-- Problem description --
Below are entries; output exactly the lines from the one with "in min (min" to the one with "-(y0 C(m, 2)", both included, and nothing else.

-- Dataset entries --
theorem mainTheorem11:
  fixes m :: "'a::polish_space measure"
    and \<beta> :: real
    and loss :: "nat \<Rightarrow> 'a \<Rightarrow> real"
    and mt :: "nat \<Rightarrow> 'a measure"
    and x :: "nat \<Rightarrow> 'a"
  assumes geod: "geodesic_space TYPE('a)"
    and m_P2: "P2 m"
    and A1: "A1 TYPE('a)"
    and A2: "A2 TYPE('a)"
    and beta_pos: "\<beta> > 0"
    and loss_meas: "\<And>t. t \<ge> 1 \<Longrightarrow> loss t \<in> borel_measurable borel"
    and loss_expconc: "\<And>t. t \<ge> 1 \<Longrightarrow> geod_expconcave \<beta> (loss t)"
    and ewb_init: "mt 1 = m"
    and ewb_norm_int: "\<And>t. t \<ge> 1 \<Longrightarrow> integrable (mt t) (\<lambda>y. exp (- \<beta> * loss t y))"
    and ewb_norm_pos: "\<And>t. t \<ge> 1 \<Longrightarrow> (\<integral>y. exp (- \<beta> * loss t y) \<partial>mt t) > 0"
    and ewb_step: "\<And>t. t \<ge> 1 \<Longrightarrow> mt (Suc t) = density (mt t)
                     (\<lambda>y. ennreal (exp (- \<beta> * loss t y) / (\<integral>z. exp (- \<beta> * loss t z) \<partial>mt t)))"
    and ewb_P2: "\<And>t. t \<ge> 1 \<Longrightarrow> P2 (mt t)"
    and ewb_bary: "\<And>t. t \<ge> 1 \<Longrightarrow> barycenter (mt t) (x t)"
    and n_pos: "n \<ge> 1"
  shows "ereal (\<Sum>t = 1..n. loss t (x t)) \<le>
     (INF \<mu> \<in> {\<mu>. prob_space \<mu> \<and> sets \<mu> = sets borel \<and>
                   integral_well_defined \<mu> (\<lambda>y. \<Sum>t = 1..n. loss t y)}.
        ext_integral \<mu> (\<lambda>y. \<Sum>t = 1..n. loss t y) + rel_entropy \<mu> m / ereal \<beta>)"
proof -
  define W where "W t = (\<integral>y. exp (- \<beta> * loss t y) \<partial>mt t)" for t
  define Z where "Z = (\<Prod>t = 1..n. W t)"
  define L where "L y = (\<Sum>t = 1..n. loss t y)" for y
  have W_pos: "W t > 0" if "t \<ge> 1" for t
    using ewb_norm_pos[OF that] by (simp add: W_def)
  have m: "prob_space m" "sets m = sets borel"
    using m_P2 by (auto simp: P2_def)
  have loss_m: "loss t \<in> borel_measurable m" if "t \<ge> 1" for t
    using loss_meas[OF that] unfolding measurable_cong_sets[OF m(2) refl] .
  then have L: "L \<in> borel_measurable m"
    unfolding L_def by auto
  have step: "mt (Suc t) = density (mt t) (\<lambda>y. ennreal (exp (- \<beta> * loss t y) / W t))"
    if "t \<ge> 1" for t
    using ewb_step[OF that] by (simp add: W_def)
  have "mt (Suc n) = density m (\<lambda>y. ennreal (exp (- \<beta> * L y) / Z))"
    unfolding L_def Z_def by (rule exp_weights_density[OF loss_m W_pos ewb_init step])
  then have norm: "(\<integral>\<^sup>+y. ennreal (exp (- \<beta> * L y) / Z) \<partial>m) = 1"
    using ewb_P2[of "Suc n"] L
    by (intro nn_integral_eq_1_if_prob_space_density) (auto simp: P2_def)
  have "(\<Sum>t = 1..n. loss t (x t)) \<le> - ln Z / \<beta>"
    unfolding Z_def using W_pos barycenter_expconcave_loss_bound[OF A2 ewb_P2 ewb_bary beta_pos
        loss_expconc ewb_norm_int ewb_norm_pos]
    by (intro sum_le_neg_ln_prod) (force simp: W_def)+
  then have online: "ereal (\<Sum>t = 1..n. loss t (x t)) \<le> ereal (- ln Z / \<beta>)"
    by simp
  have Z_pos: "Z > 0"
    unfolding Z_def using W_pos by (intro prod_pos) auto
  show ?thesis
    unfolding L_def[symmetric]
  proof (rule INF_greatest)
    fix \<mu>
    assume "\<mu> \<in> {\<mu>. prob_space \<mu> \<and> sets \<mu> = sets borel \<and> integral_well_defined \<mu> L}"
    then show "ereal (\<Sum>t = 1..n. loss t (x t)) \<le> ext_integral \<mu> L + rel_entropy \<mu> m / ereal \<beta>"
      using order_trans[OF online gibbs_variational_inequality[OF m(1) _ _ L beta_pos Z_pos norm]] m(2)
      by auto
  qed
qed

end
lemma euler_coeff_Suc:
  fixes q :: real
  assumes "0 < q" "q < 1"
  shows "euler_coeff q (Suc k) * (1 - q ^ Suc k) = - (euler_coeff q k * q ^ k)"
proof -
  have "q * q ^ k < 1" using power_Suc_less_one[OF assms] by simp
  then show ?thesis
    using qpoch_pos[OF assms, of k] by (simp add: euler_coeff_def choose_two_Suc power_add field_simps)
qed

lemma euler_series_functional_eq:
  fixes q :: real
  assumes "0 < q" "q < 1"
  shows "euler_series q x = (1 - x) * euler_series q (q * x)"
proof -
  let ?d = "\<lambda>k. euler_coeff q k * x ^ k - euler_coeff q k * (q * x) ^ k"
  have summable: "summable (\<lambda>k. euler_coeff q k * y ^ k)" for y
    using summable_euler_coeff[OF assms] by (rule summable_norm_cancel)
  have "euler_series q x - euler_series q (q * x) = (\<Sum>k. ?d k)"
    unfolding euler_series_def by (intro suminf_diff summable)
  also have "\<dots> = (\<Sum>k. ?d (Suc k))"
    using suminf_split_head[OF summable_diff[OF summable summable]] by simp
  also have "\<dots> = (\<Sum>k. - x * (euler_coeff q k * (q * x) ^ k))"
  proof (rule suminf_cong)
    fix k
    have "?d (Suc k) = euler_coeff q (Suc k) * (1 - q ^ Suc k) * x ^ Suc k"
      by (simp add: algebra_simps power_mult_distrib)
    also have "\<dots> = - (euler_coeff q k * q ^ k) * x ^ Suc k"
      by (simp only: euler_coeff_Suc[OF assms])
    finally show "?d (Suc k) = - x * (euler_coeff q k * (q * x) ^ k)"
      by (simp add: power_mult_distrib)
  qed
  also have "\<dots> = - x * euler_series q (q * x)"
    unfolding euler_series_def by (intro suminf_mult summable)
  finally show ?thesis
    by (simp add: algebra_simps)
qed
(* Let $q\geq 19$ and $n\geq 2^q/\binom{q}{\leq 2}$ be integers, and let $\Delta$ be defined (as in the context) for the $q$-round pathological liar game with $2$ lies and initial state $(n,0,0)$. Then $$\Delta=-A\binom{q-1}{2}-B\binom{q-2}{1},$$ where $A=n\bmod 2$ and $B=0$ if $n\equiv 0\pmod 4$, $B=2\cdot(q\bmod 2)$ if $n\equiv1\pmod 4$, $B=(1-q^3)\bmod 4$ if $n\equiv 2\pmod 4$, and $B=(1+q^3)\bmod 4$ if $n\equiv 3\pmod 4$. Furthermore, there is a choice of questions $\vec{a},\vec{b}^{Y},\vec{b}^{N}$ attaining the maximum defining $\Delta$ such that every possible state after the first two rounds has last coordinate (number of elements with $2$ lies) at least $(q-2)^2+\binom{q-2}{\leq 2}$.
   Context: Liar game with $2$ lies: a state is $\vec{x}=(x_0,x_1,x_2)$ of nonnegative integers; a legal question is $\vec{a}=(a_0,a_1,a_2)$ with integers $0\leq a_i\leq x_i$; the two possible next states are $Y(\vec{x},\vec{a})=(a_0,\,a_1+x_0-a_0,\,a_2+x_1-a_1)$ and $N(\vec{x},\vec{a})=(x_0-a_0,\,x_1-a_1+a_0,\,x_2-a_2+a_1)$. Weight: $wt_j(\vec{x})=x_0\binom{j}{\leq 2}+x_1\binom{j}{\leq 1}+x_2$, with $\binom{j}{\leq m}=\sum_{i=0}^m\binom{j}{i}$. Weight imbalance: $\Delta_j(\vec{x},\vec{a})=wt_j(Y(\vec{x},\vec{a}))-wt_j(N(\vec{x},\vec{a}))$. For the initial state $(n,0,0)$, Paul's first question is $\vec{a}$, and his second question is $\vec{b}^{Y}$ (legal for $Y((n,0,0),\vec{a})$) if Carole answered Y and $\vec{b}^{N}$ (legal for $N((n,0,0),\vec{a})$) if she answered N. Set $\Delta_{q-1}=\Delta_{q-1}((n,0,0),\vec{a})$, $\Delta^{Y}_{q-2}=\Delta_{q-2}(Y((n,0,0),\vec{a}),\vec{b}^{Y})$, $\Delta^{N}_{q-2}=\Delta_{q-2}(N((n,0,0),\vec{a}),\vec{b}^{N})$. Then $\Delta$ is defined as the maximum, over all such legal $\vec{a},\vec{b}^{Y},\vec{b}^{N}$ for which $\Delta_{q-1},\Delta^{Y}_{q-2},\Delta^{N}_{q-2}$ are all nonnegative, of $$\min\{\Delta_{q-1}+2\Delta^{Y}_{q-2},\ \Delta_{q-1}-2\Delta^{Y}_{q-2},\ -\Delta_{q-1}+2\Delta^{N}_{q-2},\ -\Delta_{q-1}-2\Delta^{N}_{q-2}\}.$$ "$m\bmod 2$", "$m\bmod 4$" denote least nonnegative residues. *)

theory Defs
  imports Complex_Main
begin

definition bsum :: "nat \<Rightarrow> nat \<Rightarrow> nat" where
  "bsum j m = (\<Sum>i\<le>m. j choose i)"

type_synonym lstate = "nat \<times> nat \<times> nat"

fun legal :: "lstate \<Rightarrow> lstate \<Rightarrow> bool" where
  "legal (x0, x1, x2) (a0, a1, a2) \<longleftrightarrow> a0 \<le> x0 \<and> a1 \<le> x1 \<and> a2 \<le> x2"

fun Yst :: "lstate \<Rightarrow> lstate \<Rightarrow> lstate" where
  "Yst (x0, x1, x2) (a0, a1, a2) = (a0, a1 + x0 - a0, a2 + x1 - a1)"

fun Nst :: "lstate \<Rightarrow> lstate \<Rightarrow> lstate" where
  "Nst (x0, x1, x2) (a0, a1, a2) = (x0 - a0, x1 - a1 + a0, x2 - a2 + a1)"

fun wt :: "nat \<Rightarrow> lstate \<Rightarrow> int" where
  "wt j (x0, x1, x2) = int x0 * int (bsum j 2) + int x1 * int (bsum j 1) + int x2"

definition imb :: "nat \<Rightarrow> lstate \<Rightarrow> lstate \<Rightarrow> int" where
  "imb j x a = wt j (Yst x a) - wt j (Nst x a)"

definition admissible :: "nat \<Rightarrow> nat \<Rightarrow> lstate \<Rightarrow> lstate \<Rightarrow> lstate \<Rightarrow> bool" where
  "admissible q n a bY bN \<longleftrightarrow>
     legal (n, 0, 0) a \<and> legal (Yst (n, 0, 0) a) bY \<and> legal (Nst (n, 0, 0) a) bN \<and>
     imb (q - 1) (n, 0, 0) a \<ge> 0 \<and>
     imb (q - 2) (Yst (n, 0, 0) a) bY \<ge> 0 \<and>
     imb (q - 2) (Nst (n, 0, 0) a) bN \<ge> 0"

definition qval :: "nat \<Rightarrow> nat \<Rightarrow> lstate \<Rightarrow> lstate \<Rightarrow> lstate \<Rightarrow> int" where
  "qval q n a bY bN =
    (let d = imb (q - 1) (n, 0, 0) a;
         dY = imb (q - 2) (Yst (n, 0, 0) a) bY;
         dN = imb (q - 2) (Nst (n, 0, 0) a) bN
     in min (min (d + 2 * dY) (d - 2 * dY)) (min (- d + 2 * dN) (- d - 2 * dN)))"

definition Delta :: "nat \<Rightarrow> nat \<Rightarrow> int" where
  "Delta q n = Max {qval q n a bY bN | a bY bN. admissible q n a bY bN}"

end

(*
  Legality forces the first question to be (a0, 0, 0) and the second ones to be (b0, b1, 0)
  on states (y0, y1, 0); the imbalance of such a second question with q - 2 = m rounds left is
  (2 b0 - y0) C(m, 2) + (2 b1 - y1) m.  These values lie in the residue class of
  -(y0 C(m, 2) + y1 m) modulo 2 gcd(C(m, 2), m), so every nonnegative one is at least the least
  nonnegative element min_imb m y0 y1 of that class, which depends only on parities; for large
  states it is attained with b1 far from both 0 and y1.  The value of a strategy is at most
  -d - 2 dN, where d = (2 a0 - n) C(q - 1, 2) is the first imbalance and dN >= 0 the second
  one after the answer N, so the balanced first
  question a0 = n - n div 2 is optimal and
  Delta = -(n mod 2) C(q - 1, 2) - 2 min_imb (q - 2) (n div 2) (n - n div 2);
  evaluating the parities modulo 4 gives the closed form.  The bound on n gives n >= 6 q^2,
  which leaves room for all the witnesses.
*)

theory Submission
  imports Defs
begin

-- Exercise solution --
     in min (min (d + 2 * dY) (d - 2 * dY)) (min (- d + 2 * dN) (- d - 2 * dN)))"

definition Delta :: "nat \<Rightarrow> nat \<Rightarrow> int" where
  "Delta q n = Max {qval q n a bY bN | a bY bN. admissible q n a bY bN}"

end

(*
  Legality forces the first question to be (a0, 0, 0) and the second ones to be (b0, b1, 0)
  on states (y0, y1, 0); the imbalance of such a second question with q - 2 = m rounds left is
  (2 b0 - y0) C(m, 2) + (2 b1 - y1) m.  These values lie in the residue class of
  -(y0 C(m, 2) + y1 m) modulo 2 gcd(C(m, 2), m), so every nonnegative one is at least the least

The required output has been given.